=== Begin Enclosure ===

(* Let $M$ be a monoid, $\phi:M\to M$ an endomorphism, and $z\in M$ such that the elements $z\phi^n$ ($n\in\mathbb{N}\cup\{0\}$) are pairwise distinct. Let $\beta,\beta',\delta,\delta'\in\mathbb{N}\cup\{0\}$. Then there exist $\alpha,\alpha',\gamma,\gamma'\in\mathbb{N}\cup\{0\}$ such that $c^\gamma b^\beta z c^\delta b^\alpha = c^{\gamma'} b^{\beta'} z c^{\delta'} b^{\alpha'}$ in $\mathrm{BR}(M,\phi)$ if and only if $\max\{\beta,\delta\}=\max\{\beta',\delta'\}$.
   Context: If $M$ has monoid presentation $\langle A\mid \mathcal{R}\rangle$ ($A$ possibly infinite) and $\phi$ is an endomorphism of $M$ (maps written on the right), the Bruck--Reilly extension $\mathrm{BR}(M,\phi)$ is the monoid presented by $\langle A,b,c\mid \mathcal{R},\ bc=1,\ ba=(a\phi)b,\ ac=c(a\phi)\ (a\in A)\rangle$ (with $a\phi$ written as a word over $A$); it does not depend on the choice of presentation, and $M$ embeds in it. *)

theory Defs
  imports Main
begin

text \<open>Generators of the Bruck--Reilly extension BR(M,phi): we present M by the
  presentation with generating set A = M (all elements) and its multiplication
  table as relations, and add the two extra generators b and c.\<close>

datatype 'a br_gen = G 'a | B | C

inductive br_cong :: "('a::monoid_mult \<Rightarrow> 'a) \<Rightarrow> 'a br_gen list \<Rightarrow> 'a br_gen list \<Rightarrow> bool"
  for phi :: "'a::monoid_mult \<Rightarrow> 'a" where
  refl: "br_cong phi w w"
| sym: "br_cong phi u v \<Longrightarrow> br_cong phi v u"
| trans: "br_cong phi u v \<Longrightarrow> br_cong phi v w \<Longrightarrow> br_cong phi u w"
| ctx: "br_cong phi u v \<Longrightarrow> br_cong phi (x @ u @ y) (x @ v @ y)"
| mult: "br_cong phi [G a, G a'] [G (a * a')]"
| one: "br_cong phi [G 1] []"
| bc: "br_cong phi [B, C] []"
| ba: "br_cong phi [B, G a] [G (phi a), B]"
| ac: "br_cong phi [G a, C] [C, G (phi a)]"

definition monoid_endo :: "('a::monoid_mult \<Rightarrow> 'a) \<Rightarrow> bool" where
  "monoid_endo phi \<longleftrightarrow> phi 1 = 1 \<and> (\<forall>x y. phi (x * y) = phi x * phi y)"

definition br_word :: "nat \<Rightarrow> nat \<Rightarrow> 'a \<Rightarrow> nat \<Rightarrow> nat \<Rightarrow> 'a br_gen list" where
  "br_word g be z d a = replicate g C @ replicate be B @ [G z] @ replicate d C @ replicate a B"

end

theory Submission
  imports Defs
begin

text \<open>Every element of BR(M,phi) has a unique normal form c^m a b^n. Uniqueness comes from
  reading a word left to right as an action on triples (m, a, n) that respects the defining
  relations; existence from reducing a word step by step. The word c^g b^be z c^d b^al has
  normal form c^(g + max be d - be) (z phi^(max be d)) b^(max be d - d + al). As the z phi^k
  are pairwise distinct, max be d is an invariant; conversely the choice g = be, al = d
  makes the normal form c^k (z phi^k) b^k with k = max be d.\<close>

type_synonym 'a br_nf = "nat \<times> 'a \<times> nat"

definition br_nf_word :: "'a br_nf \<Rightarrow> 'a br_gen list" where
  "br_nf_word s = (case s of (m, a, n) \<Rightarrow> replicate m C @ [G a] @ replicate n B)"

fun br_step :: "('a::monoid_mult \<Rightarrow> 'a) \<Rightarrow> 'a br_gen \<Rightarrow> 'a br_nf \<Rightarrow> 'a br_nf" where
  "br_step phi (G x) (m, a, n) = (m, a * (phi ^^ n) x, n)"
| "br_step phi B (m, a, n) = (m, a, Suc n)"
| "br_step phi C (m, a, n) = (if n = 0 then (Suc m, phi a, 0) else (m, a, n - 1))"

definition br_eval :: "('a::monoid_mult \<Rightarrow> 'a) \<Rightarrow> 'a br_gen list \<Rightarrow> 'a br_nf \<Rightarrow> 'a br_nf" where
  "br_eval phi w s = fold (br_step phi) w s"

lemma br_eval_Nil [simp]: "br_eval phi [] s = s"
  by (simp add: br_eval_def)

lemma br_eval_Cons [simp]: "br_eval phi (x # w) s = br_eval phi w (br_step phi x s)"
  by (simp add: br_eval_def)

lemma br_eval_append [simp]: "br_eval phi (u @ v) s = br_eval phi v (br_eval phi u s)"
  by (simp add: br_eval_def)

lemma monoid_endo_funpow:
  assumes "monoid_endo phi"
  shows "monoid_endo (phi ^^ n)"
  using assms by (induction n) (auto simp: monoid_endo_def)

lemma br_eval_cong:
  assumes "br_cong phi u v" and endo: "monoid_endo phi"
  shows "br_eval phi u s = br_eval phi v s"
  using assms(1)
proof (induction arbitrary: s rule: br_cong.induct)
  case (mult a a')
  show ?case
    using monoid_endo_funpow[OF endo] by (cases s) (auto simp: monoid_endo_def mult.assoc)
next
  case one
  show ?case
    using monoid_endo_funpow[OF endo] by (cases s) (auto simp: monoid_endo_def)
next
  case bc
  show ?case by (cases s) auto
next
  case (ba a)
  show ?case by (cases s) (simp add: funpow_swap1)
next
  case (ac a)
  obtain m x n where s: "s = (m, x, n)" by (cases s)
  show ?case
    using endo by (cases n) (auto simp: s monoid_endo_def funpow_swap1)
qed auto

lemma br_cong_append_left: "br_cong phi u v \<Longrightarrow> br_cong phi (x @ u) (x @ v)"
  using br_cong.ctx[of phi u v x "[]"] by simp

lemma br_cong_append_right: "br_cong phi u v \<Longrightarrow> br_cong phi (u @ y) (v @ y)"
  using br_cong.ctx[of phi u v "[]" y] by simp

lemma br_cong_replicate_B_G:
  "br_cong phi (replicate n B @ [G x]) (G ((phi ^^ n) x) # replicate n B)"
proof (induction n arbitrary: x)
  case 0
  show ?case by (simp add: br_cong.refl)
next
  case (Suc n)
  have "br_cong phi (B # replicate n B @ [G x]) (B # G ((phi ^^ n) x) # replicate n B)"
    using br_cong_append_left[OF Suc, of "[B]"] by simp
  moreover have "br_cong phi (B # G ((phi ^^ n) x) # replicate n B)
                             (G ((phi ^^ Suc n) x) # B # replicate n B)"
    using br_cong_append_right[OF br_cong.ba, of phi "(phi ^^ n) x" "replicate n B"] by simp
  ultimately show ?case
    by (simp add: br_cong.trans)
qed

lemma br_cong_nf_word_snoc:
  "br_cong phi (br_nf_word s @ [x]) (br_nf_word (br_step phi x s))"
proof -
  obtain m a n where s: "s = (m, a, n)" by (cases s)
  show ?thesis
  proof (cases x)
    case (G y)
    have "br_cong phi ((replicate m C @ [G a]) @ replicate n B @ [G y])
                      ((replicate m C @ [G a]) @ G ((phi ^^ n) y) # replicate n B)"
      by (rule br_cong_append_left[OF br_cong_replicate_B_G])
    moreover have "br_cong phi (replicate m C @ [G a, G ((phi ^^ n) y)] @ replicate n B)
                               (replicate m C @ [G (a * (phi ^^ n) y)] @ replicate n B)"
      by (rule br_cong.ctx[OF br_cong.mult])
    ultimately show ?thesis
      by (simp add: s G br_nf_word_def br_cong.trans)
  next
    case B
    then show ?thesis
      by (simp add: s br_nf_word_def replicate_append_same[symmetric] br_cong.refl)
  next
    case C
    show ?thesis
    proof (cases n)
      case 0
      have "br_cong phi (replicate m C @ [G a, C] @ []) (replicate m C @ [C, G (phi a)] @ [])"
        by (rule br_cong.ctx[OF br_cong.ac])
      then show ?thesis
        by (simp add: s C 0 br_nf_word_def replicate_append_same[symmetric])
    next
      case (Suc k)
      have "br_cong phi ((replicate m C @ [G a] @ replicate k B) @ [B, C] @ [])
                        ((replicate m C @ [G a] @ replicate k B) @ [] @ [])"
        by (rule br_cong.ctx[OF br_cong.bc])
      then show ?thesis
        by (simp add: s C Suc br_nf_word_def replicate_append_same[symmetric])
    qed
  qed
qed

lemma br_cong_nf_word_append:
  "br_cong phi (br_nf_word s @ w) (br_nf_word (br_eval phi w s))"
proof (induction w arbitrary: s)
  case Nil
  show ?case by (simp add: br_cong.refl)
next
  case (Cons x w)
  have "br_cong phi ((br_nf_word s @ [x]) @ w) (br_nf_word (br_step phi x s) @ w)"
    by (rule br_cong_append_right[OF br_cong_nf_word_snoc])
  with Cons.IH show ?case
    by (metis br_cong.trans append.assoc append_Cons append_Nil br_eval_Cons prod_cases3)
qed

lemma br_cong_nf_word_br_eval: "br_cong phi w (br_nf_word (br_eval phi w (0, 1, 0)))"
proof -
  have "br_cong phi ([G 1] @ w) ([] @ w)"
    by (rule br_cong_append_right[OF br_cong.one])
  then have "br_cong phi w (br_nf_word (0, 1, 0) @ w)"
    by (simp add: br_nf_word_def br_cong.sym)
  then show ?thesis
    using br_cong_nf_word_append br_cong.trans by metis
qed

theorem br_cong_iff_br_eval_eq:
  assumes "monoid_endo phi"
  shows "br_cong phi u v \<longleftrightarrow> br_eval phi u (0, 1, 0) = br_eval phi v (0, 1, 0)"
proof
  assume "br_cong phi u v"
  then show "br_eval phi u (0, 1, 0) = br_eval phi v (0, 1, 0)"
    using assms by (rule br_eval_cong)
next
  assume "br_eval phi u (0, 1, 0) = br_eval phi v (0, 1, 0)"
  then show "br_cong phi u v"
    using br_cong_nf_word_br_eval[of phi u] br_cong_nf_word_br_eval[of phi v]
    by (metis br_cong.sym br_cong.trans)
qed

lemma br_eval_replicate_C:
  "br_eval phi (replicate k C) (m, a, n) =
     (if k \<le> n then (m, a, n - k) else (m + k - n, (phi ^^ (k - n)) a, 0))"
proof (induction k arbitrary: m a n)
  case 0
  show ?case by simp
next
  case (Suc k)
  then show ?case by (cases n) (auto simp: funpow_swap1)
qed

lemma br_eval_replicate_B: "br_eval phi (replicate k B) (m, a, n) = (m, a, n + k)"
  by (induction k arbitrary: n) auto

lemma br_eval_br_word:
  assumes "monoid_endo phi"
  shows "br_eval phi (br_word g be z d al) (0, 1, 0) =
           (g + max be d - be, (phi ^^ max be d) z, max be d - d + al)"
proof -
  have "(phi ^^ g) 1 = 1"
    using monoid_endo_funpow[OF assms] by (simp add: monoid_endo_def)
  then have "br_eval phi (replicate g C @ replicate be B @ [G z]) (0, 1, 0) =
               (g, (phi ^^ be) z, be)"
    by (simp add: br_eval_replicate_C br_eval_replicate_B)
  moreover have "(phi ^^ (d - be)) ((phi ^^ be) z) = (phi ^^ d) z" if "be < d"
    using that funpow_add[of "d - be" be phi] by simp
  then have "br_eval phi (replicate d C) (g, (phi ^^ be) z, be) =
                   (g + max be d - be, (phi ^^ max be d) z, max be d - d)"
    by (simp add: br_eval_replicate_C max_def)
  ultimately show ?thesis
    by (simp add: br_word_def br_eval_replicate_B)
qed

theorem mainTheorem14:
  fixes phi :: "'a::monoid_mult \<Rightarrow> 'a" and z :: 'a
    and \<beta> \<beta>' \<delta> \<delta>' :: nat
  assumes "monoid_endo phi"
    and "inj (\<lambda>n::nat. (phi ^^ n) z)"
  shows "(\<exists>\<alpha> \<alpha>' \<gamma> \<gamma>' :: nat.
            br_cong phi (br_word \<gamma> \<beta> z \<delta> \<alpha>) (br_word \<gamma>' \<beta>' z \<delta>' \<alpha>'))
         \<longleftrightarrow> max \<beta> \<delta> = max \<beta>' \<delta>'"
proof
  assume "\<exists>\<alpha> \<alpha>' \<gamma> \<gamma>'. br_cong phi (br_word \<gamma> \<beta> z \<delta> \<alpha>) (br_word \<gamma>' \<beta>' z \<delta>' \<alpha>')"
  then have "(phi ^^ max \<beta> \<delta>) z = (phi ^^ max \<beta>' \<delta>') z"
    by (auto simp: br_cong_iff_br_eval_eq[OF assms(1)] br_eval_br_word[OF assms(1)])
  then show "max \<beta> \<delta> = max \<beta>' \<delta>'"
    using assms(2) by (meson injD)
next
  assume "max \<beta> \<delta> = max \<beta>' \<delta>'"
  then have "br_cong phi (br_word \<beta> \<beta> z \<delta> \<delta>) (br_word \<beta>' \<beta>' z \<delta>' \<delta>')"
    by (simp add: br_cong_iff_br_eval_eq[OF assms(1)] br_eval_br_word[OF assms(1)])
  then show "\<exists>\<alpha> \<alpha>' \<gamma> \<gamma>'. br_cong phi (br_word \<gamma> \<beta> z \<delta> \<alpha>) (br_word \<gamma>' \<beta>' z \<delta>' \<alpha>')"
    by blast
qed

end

=== End Enclosure ===

▸ **Exercise details**:
What is needed is every line from the start of the entries through the line containing "presentation with generating", returned word for word and nothing else.

▸ **Answer for this exercise**:
(* Let $M$ be a monoid, $\phi:M\to M$ an endomorphism, and $z\in M$ such that the elements $z\phi^n$ ($n\in\mathbb{N}\cup\{0\}$) are pairwise distinct. Let $\beta,\beta',\delta,\delta'\in\mathbb{N}\cup\{0\}$. Then there exist $\alpha,\alpha',\gamma,\gamma'\in\mathbb{N}\cup\{0\}$ such that $c^\gamma b^\beta z c^\delta b^\alpha = c^{\gamma'} b^{\beta'} z c^{\delta'} b^{\alpha'}$ in $\mathrm{BR}(M,\phi)$ if and only if $\max\{\beta,\delta\}=\max\{\beta',\delta'\}$.
   Context: If $M$ has monoid presentation $\langle A\mid \mathcal{R}\rangle$ ($A$ possibly infinite) and $\phi$ is an endomorphism of $M$ (maps written on the right), the Bruck--Reilly extension $\mathrm{BR}(M,\phi)$ is the monoid presented by $\langle A,b,c\mid \mathcal{R},\ bc=1,\ ba=(a\phi)b,\ ac=c(a\phi)\ (a\in A)\rangle$ (with $a\phi$ written as a word over $A$); it does not depend on the choice of presentation, and $M$ embeds in it. *)

theory Defs
  imports Main
begin

text \<open>Generators of the Bruck--Reilly extension BR(M,phi): we present M by the
  presentation with generating set A = M (all elements) and its multiplication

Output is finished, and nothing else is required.